1, 2, 3, 5, 8, 13, 21, 34, 55, 89, ...


By considering the terms in the Fibonacci sequence whose values do not exceed four million, find the sum of the even-valued terms.

### Method

However, I wanted to do it as fast as possible meaning:

• Cache small values and use a fast lookup table (bisection lookup)
• For larger values iterate over the even fibonacci values directly using the linear recurrence relation E(n) = 4 E(n-1) + E(n - 2) with E(0)=0 and E(1)=2.

### Questions / Wanted feedback

In particular I wanted to know if my general definition of a recurrence relation could be improved. In particular values[:-1], values[-1] = values[1:], last feels quite unpythonic to me. Secondly I am wondering if my docstrings are clear enough. I tried to strictly follow the Google Docstring style.

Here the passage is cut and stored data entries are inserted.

lemma has_perfect_matching_restrict:
  assumes "has_perfect_matching (E \<union> E') D" "\<forall>e\<in>E. e \<subseteq> A" "\<forall>e\<in>E'. e \<inter> A = {}"
  shows "has_perfect_matching E (D \<inter> A)"
proof -
  obtain M where M: "M \<subseteq> {e \<in> E \<union> E'. e \<subseteq> D}" "\<forall>x\<in>D. \<exists>!e. e \<in> M \<and> x \<in> e"
    using assms(1) unfolding has_perfect_matching_def by blast
  have "M \<inter> E \<subseteq> {e \<in> E. e \<subseteq> D \<inter> A}"
    using M(1) assms(2) by blast
  moreover have "\<forall>x\<in>D \<inter> A. \<exists>!e. e \<in> M \<inter> E \<and> x \<in> e"
  proof
    fix x assume x: "x \<in> D \<inter> A"
    then obtain e where e: "e \<in> M" "x \<in> e" and uniq: "\<And>e'. e' \<in> M \<Longrightarrow> x \<in> e' \<Longrightarrow> e' = e"
      using M(2) by blast
    have "e \<in> E"
      using e M(1) assms(3) x by blast
    then show "\<exists>!e. e \<in> M \<inter> E \<and> x \<in> e"
      using e uniq by blast
  qed
  ultimately show ?thesis
    unfolding has_perfect_matching_def by blast
qed

lemma closed_nbhd_mono:
  "V \<subseteq> V' \<Longrightarrow> E \<subseteq> E' \<Longrightarrow> D \<subseteq> D' \<Longrightarrow> closed_nbhd V E D \<subseteq> closed_nbhd V' E' D'"
  unfolding closed_nbhd_def by blast

lemma paired_dom_set_Un:
  assumes "paired_dom_set V E D" "paired_dom_set V' E' D'" "V \<inter> V' = {}"
  shows "paired_dom_set (V \<union> V') (E \<union> E') (D \<union> D')"
proof -
  have D: "D \<subseteq> V" "V \<subseteq> closed_nbhd V E D" "has_perfect_matching E D"
    and D': "D' \<subseteq> V'" "V' \<subseteq> closed_nbhd V' E' D'" "has_perfect_matching E' D'"
    using assms(1,2) unfolding paired_dom_set_def by auto
  have "closed_nbhd V E D \<union> closed_nbhd V' E' D' \<subseteq> closed_nbhd (V \<union> V') (E \<union> E') (D \<union> D')"
    by (intro Un_least closed_nbhd_mono) auto
  then have "V \<union> V' \<subseteq> closed_nbhd (V \<union> V') (E \<union> E') (D \<union> D')"
    using D(2) D'(2) by blast
  moreover have "has_perfect_matching (E \<union> E') (D \<union> D')"
    using D(1) D'(1) assms(3) by (intro has_perfect_matching_Un[OF D(3) D'(3)]) blast
  moreover have "D \<union> D' \<subseteq> V \<union> V'"
    using D(1) D'(1) by blast
  ultimately show ?thesis
    by (simp add: paired_dom_set_def)
qed

lemma paired_dom_set_restrict:
  assumes "paired_dom_set (V \<union> V') (E \<union> E') D" "V \<inter> V' = {}"
    and "\<forall>e\<in>E. e \<subseteq> V" "\<forall>e\<in>E'. e \<subseteq> V'"
  shows "paired_dom_set V E (D \<inter> V)"
proof -
  have dom: "V \<union> V' \<subseteq> closed_nbhd (V \<union> V') (E \<union> E') D"
    and pm: "has_perfect_matching (E \<union> E') D"
    using assms(1) unfolding paired_dom_set_def by auto
  have E': "\<forall>e\<in>E'. e \<inter> V = {}"
    using assms(2,4) by blast
  have "V \<subseteq> closed_nbhd V E (D \<inter> V)"
  proof
    fix x assume x: "x \<in> V"
    then have "x \<in> D \<or> (\<exists>w\<in>D. {x, w} \<in> E \<union> E')"
      using dom unfolding closed_nbhd_def by auto
    then show "x \<in> closed_nbhd V E (D \<inter> V)"
    proof
      assume "x \<in> D"
      then show ?thesis
        using x unfolding closed_nbhd_def by simp
    next
      assume "\<exists>w\<in>D. {x, w} \<in> E \<union> E'"
      then obtain w where w: "w \<in> D" "{x, w} \<in> E \<union> E'"
        by blast
      have "{x, w} \<notin> E'"
        using E' x by auto
      then have "{x, w} \<in> E"
        using w(2) by simp
      moreover have "w \<in> V"
        using calculation assms(3) by auto
      ultimately show ?thesis
        using x w(1) unfolding closed_nbhd_def by auto
    qed
  qed
  moreover have "has_perfect_matching E (D \<inter> V)"
    using pm assms(3) E' by (rule has_perfect_matching_restrict)
  ultimately show ?thesis
    by (simp add: paired_dom_set_def)
qed

lemma gamma_pr_le: "paired_dom_set V E D \<Longrightarrow> gamma_pr V E \<le> enat (card D)"
  unfolding gamma_pr_def by (rule Inf_enat_card_lower)

lemma gamma_pr_attained:
  assumes "gamma_pr V E \<noteq> \<infinity>"
  obtains D where "paired_dom_set V E D" "gamma_pr V E = enat (card D)"
  using assms unfolding gamma_pr_def by (rule Inf_enat_card_attained)

definition finite_graph :: "'a set \<Rightarrow> 'a set set \<Rightarrow> bool" where
  "finite_graph V E \<longleftrightarrow> finite V \<and> (\<forall>e\<in>E. e \<subseteq> V \<and> card e = 2)"

lemma gamma_pr_disjoint_union:
  assumes "V \<inter> V' = {}" "finite_graph V E" "finite_graph V' E'"
  shows "gamma_pr (V \<union> V') (E \<union> E') = gamma_pr V E + gamma_pr V' E'"
proof (rule antisym)
  show "gamma_pr (V \<union> V') (E \<union> E') \<le> gamma_pr V E + gamma_pr V' E'"
  proof (cases "gamma_pr V E = \<infinity> \<or> gamma_pr V' E' = \<infinity>")
    case True
    then show ?thesis
      by auto
  next
    case False
    then have "gamma_pr V E \<noteq> \<infinity>" "gamma_pr V' E' \<noteq> \<infinity>"
      by auto
    obtain D where D: "paired_dom_set V E D" "gamma_pr V E = enat (card D)"
      using gamma_pr_attained[OF \<open>gamma_pr V E \<noteq> \<infinity>\<close>] by blast
    obtain D' where D': "paired_dom_set V' E' D'" "gamma_pr V' E' = enat (card D')"
      using gamma_pr_attained[OF \<open>gamma_pr V' E' \<noteq> \<infinity>\<close>] by blast
    have "D \<subseteq> V" "D' \<subseteq> V'"
      using D(1) D'(1) unfolding paired_dom_set_def by auto
    then have "card (D \<union> D') = card D + card D'"
      using assms unfolding finite_graph_def
      by (intro card_Un_disjoint) (auto intro: finite_subset)
    then show ?thesis
      using gamma_pr_le[OF paired_dom_set_Un[OF D(1) D'(1) assms(1)]] D(2) D'(2) by simp
  qed
next
  have edges: "\<forall>e\<in>E. e \<subseteq> V" "\<forall>e\<in>E'. e \<subseteq> V'"
    using assms(2,3) unfolding finite_graph_def by auto
  show "gamma_pr V E + gamma_pr V' E' \<le> gamma_pr (V \<union> V') (E \<union> E')"
    unfolding gamma_pr_def[of "V \<union> V'"]
  proof (rule Inf_greatest)
    fix k assume "k \<in> {enat (card D) |D. paired_dom_set (V \<union> V') (E \<union> E') D}"
    then obtain D where D: "paired_dom_set (V \<union> V') (E \<union> E') D" "k = enat (card D)"
      by blast
    have "paired_dom_set V E (D \<inter> V)"
      using paired_dom_set_restrict[OF D(1) assms(1) edges] .
    moreover have "paired_dom_set V' E' (D \<inter> V')"
      using paired_dom_set_restrict[of V' V E' E D] D(1) assms(1) edges
      by (simp add: Un_commute Int_commute)
    moreover have "card D = card (D \<inter> V) + card (D \<inter> V')"
    proof -
      have "D = (D \<inter> V) \<union> (D \<inter> V')"
        using D(1) unfolding paired_dom_set_def by blast
      moreover have "card ((D \<inter> V) \<union> (D \<inter> V')) = card (D \<inter> V) + card (D \<inter> V')"
        using assms unfolding finite_graph_def by (intro card_Un_disjoint) auto
      ultimately show ?thesis
        by simp
    qed
    ultimately show "gamma_pr V E + gamma_pr V' E' \<le> k"
      using add_mono[OF gamma_pr_le gamma_pr_le] D(2) by (metis plus_enat_simps(1))
  qed
qed

lemma tts_subset_tverts: "tts t \<subseteq> tverts t"
  by (induction t rule: tts.induct) auto

lemma tts_nonempty: "tts t \<noteq> {}"
  by (induction t rule: tts.induct) auto

lemma tts_Node_subset: "tts (Node c l r) \<subseteq> tts l \<union> tts r"
  by (cases c) auto

lemma tedges_Node_join:
  "c \<noteq> FalseTwin \<Longrightarrow> u \<in> tts l \<Longrightarrow> w \<in> tts r \<Longrightarrow> {u, w} \<in> tedges (Node c l r)"
  by (cases c) auto

lemma wf_dtree_subtree: "v \<in> subtrees t \<Longrightarrow> wf_dtree t \<Longrightarrow> wf_dtree v"
  by (induction t) auto

lemma wf_dtree_finite_graph: "wf_dtree t \<Longrightarrow> finite_graph (tverts t) (tedges t)"
proof (induction t)
  case (Leaf x)
  then show ?case
    by (simp add: finite_graph_def)
next
  case (Node c l r)
  then have l: "finite_graph (tverts l) (tedges l)" and r: "finite_graph (tverts r) (tedges r)"
    and disj: "tverts l \<inter> tverts r = {}"
    by auto
  have "e \<subseteq> tverts l \<union> tverts r \<and> card e = 2" if e: "e \<in> tedges (Node c l r)" for e
  proof -
    have "e \<in> tedges l \<or> e \<in> tedges r \<or> (\<exists>u\<in>tts l. \<exists>w\<in>tts r. e = {u, w})"
      using e by (cases c) auto
    moreover have "{u, w} \<subseteq> tverts l \<union> tverts r \<and> card {u, w} = 2"
      if "u \<in> tts l" "w \<in> tts r" for u w
    proof -
      have "u \<in> tverts l" "w \<in> tverts r"
        using that tts_subset_tverts[of l] tts_subset_tverts[of r] by auto
      moreover have "u \<noteq> w"
        using calculation disj by blast
      ultimately show ?thesis
        by simp
    qed
    ultimately show ?thesis
      using l r unfolding finite_graph_def by blast
  qed
  then show ?case
    using l r unfolding finite_graph_def by simp
qed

As a side note # fmt: on and #fmt: off are strictly neccecary to make sure my formater does not format my lookup tables.

### Code

"""
This code solves Project Euler Problem 2:

Each new term in the Fibonacci sequence is generated by adding the previous
two terms. By starting with 1 and 2, the first 10 terms will be:

1, 2, 3, 5, 8, 13, 21, 34, 55, 89, ...

By considering the terms in the Fibonacci sequence whose values do not
exceed four million, find the sum of the even-valued terms.

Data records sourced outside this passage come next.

lemma s_Pi_lincomb:
  assumes "finite \<rho>"
  shows "s_Pi \<rho> = unmovable (lincomb (summands \<rho>) (\<lambda>t. cube_sign (fst (snd t))) summand_mon)"
proof -
  have summand: "cmul P123 (cmul (cdual (Pi_chr \<rho> i)) (Pi_chr \<rho> j))
      = lincomb (UNIV \<times> layer \<rho> i \<times> layer \<rho> j) (\<lambda>(S,_). cube_sign S)
          (\<lambda>(S,(a,b)). cube_mon S + (- box_mon a i + box_mon b j))" for i j
    unfolding Pi_chr_lincomb cdual_lincomb P123_lincomb using finite_layer[OF assms]
    by (simp add: cmul_lincomb) (intro lincomb_cong; auto)
  show ?thesis
    unfolding s_Pi_def layer_pairs_def[symmetric] summands_def
    by (subst csum_lincomb[where K = "\<lambda>(i,j). UNIV \<times> layer \<rho> i \<times> layer \<rho> j"])
       (auto simp: summand finite_layer_pairs finite_layer[OF assms] summand_mon_def intro!: arg_cong[where f = unmovable] lincomb_cong)
qed

definition unmovable_summands :: "pt4 set \<Rightarrow> summand_index set" where
  "unmovable_summands \<rho> = {t \<in> summands \<rho>. subst_mon (summand_mon t) = 0}"

lemma even_s_Pi_iff: "finite \<rho> \<Longrightarrow> even (s_Pi \<rho>) \<longleftrightarrow> even (card (unmovable_summands \<rho>))"
  unfolding s_Pi_lincomb unmovable_summands_def
  by (intro even_unmovable_lincomb finite_summands odd_cube_sign)

lemma subst_summand_mon_eq_0_iff:
  "subst_mon (summand_mon ((i,j),((s1,s2),s3),(a1,a2,a3),(b1,b2,b3))) = 0 \<longleftrightarrow>
     a1 + j = b1 + of_bool s1 + i \<and> a2 + j = b2 + of_bool s2 + i \<and> a3 + j = b3 + of_bool s3 + i"
  by (auto simp: summand_mon_def cube_mon_def box_mon_def subst_mon_def zero_prod_def)

lemma solid_partition_finite: "solid_partition \<rho> \<Longrightarrow> finite \<rho>"
  unfolding solid_partition_def by blast

lemma solid_partition_pos:
  "solid_partition \<rho> \<Longrightarrow> (a,b,c,d) \<in> \<rho> \<Longrightarrow> 1 \<le> a \<and> 1 \<le> b \<and> 1 \<le> c \<and> 1 \<le> d"
  unfolding solid_partition_def by fast

lemma solid_partition_down_closed:
  "solid_partition \<rho> \<Longrightarrow> (a,b,c,d) \<in> \<rho> \<Longrightarrow> 1 \<le> a' \<Longrightarrow> a' \<le> a \<Longrightarrow> 1 \<le> b' \<Longrightarrow> b' \<le> b \<Longrightarrow>
    1 \<le> c' \<Longrightarrow> c' \<le> c \<Longrightarrow> 1 \<le> d' \<Longrightarrow> d' \<le> d \<Longrightarrow> (a',b',c',d') \<in> \<rho>"
  unfolding solid_partition_def by fastforce

lemma le_max_layer: "finite \<rho> \<Longrightarrow> (a,b,c,e) \<in> \<rho> \<Longrightarrow> e \<le> max_layer \<rho>"
  unfolding max_layer_def by (rule Max_ge) force+

definition shifts :: "pt4 \<Rightarrow> (nat \<times> (bool \<times> bool) \<times> bool) set" where
  "shifts p = (case p of (b1,b2,b3,e) \<Rightarrow>
     SIGMA d:{1..<e}. ({s. d < b1 + of_bool s} \<times> {s. d < b2 + of_bool s}) \<times> {s. d < b3 + of_bool s})"

definition shift_of_summand :: "summand_index \<Rightarrow> pt4 \<times> nat \<times> (bool \<times> bool) \<times> bool" where
  "shift_of_summand t = (case t of ((i,j),(S,(a,(b1,b2,b3)))) \<Rightarrow> ((b1,b2,b3,j),(j - i, S)))"

lemma mem_unmovable_summands_iff:
  "((i,j),((s1,s2),s3),(a1,a2,a3),(b1,b2,b3)) \<in> unmovable_summands \<rho> \<longleftrightarrow>
     1 \<le> i \<and> i < j \<and> j \<le> max_layer \<rho> \<and> (a1,a2,a3,i) \<in> \<rho> \<and> (b1,b2,b3,j) \<in> \<rho> \<and>
     a1 + j = b1 + of_bool s1 + i \<and> a2 + j = b2 + of_bool s2 + i \<and> a3 + j = b3 + of_bool s3 + i"
  by (simp add: unmovable_summands_def summands_def layer_pairs_def layer_def
      subst_summand_mon_eq_0_iff conj_ac)

lemma mem_shifts_iff:
  "(d,((s1,s2),s3)) \<in> shifts (b1,b2,b3,e) \<longleftrightarrow>
     1 \<le> d \<and> d < e \<and> d < b1 + of_bool s1 \<and> d < b2 + of_bool s2 \<and> d < b3 + of_bool s3"
  unfolding shifts_def by auto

See https://projecteuler.net/index.php?section=problems&id=2 for details
"""

import bisect

EvenFibSum = int
Limit = int

PE_002_LIMIT = 4 * 10 ** 6

# fmt: off
EVEN_FIBS = [
0, 2, 8, 34, 144, 610, 2584, 10946, 46368, 196418, 832040, 3524578,
14930352, 63245986, 267914296, 1134903170, 4807526976, 20365011074,
86267571272, 365435296162, 1548008755920, 6557470319842, 27777890035288,
117669030460994, 498454011879264, 2111485077978050, 8944394323791464,
37889062373143906, 160500643816367088, 679891637638612258,
2880067194370816120, 12200160415121876738
]
# fmt: on

EVEN_FIBS_ = set(EVEN_FIBS)

# fmt: off
EVEN_FIBS_CUMSUM = [
0, 2, 10, 44, 188, 798, 3382, 14328, 60696, 257114, 1089154, 4613732,
19544084, 82790070, 350704366, 1485607536, 6293134512, 26658145586,
112925716858, 478361013020, 2026369768940, 8583840088782, 36361730124070,
154030760585064, 652484772464328, 2763969850442378, 11708364174233842,
49597426547377748, 210098070363744836, 889989708002357094,
3770056902373173214, 15970217317495049952
]
# fmt: on

def linear_reccurence(constants: list[int], initials: list[int]) -> int:
"""Returns a generator for a linear recucurence relation

A linear recurrence relation is of the form

A(n) = c0 * A(n-1) + c0 * A(n-2) + ... + ck * A(n - k);
A(0) = I0, A(1) = I1, ..., A(k) = Ik

and would correspond to constants = [ck ..., c1, c0] and initials =
[Ik, ..., I1, I0].  Note that the values here are stored in ascending order

Args:
constants: Defines the constants in the recucurence relation.
initials: The initial values for the recurrence relation.

Yields:
The next value in the recucurence relation.

Examples:
Returns the Fibonacci numbers F(n) = F(n-1) + F(n-2) with F(0)=0, F(1)=1.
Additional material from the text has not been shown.